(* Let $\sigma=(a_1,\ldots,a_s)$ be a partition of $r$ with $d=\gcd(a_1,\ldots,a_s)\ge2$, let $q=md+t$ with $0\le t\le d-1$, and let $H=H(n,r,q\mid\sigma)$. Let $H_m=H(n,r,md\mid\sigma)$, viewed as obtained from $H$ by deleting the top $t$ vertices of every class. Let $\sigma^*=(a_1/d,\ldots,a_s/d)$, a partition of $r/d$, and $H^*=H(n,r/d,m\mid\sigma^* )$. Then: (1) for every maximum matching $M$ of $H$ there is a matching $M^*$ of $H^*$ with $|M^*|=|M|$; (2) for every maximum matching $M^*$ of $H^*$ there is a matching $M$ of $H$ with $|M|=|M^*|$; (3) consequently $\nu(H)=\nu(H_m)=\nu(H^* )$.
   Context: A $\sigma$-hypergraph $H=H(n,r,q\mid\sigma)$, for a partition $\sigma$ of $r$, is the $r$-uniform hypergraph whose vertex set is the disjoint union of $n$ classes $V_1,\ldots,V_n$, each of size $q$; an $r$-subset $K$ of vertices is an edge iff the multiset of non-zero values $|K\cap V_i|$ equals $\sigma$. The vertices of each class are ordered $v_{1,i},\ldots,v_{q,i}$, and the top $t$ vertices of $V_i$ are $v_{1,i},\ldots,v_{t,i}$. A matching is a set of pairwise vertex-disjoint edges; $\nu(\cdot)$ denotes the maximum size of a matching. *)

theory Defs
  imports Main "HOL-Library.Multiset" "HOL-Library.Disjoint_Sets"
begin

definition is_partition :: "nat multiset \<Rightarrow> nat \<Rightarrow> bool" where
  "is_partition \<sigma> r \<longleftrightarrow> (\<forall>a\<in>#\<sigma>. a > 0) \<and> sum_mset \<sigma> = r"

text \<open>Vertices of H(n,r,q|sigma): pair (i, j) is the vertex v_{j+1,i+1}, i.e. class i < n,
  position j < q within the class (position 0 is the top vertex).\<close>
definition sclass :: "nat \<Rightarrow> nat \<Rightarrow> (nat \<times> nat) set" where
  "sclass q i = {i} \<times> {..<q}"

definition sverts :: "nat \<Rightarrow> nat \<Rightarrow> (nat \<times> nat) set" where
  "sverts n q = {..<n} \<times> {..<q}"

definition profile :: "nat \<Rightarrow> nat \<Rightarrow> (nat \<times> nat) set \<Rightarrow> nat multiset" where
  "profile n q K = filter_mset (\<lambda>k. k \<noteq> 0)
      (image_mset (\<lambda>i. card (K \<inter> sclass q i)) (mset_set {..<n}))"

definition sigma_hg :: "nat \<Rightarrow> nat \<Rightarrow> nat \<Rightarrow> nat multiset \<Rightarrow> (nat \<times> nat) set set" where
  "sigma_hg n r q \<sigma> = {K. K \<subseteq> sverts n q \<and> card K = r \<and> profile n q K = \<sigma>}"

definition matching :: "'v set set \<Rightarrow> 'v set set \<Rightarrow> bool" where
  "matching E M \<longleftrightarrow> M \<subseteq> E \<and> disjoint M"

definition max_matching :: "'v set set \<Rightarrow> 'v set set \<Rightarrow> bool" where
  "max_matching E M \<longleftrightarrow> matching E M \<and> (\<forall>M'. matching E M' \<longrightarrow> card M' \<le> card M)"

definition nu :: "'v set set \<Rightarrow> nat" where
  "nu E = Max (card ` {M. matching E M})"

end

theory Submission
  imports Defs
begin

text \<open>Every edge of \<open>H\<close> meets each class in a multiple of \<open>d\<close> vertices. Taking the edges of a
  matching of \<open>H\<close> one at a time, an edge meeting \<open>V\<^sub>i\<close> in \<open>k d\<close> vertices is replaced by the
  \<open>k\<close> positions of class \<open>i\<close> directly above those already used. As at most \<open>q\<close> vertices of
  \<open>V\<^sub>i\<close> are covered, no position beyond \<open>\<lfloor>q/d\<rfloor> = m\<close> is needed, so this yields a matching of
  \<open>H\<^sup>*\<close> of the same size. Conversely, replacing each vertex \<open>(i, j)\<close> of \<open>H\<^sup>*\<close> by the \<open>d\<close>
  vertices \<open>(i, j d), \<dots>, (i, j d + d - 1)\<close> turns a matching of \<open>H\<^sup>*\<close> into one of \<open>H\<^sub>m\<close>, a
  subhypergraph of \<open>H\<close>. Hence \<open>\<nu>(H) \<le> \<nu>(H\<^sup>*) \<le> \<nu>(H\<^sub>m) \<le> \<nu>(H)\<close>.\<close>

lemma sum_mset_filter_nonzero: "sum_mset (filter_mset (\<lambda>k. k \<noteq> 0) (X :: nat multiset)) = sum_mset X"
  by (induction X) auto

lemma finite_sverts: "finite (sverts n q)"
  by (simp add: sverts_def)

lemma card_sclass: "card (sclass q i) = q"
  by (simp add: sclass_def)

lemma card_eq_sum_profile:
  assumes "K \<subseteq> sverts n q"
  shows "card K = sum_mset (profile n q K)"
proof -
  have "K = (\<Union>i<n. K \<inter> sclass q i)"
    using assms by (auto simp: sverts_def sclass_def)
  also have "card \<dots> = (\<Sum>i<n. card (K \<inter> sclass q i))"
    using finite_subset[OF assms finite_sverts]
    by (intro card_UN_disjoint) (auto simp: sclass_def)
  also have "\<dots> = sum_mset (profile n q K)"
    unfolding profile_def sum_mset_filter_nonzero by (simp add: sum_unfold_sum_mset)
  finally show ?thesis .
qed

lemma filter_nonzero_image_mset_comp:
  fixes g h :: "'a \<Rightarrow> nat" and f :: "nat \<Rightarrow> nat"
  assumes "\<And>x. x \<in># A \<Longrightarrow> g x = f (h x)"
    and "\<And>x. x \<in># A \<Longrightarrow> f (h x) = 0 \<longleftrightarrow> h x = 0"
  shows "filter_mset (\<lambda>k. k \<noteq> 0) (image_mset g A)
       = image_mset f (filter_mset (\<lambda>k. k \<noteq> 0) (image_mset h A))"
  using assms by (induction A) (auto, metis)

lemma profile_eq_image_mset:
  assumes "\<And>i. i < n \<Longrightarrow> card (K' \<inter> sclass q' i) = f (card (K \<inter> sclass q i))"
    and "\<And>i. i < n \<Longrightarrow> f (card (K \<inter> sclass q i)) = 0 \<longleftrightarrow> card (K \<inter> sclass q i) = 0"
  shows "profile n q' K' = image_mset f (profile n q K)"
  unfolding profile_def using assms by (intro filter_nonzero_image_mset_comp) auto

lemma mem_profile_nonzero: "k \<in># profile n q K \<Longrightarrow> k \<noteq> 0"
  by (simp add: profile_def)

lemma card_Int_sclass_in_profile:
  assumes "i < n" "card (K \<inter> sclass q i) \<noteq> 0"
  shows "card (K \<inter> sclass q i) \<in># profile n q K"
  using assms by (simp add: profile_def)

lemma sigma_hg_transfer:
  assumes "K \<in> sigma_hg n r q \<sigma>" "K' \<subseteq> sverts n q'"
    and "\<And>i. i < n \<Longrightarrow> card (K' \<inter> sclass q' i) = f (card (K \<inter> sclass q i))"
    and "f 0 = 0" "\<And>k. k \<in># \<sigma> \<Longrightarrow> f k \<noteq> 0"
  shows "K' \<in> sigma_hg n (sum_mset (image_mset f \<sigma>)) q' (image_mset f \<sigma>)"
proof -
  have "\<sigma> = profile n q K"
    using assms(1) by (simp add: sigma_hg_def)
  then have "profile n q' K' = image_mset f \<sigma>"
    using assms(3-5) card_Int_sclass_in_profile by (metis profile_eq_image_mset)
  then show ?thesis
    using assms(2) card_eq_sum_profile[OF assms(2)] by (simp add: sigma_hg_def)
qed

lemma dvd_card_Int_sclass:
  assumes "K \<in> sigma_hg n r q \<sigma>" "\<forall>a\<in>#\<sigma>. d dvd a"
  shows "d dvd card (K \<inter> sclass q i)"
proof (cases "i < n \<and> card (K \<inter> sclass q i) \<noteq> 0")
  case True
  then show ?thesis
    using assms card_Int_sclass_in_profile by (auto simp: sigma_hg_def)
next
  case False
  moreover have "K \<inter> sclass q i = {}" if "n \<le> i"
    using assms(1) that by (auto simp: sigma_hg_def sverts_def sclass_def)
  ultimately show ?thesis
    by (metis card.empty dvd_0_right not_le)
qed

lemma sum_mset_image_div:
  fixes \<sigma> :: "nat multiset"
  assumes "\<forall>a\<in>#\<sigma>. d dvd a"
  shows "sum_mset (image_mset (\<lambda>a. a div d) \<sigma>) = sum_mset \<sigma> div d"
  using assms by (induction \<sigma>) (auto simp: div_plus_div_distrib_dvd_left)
§
> _TASK ITEM_
Set down again, word for word, the stretch of records from the line with "imports Defs" to the line with "yields a matching of", both of those lines included.

> _COMPLETED TASK_
  imports Defs
begin

text \<open>Every edge of \<open>H\<close> meets each class in a multiple of \<open>d\<close> vertices. Taking the edges of a
  matching of \<open>H\<close> one at a time, an edge meeting \<open>V\<^sub>i\<close> in \<open>k d\<close> vertices is replaced by the
  \<open>k\<close> positions of class \<open>i\<close> directly above those already used. As at most \<open>q\<close> vertices of
  \<open>V\<^sub>i\<close> are covered, no position beyond \<open>\<lfloor>q/d\<rfloor> = m\<close> is needed, so this yields a matching of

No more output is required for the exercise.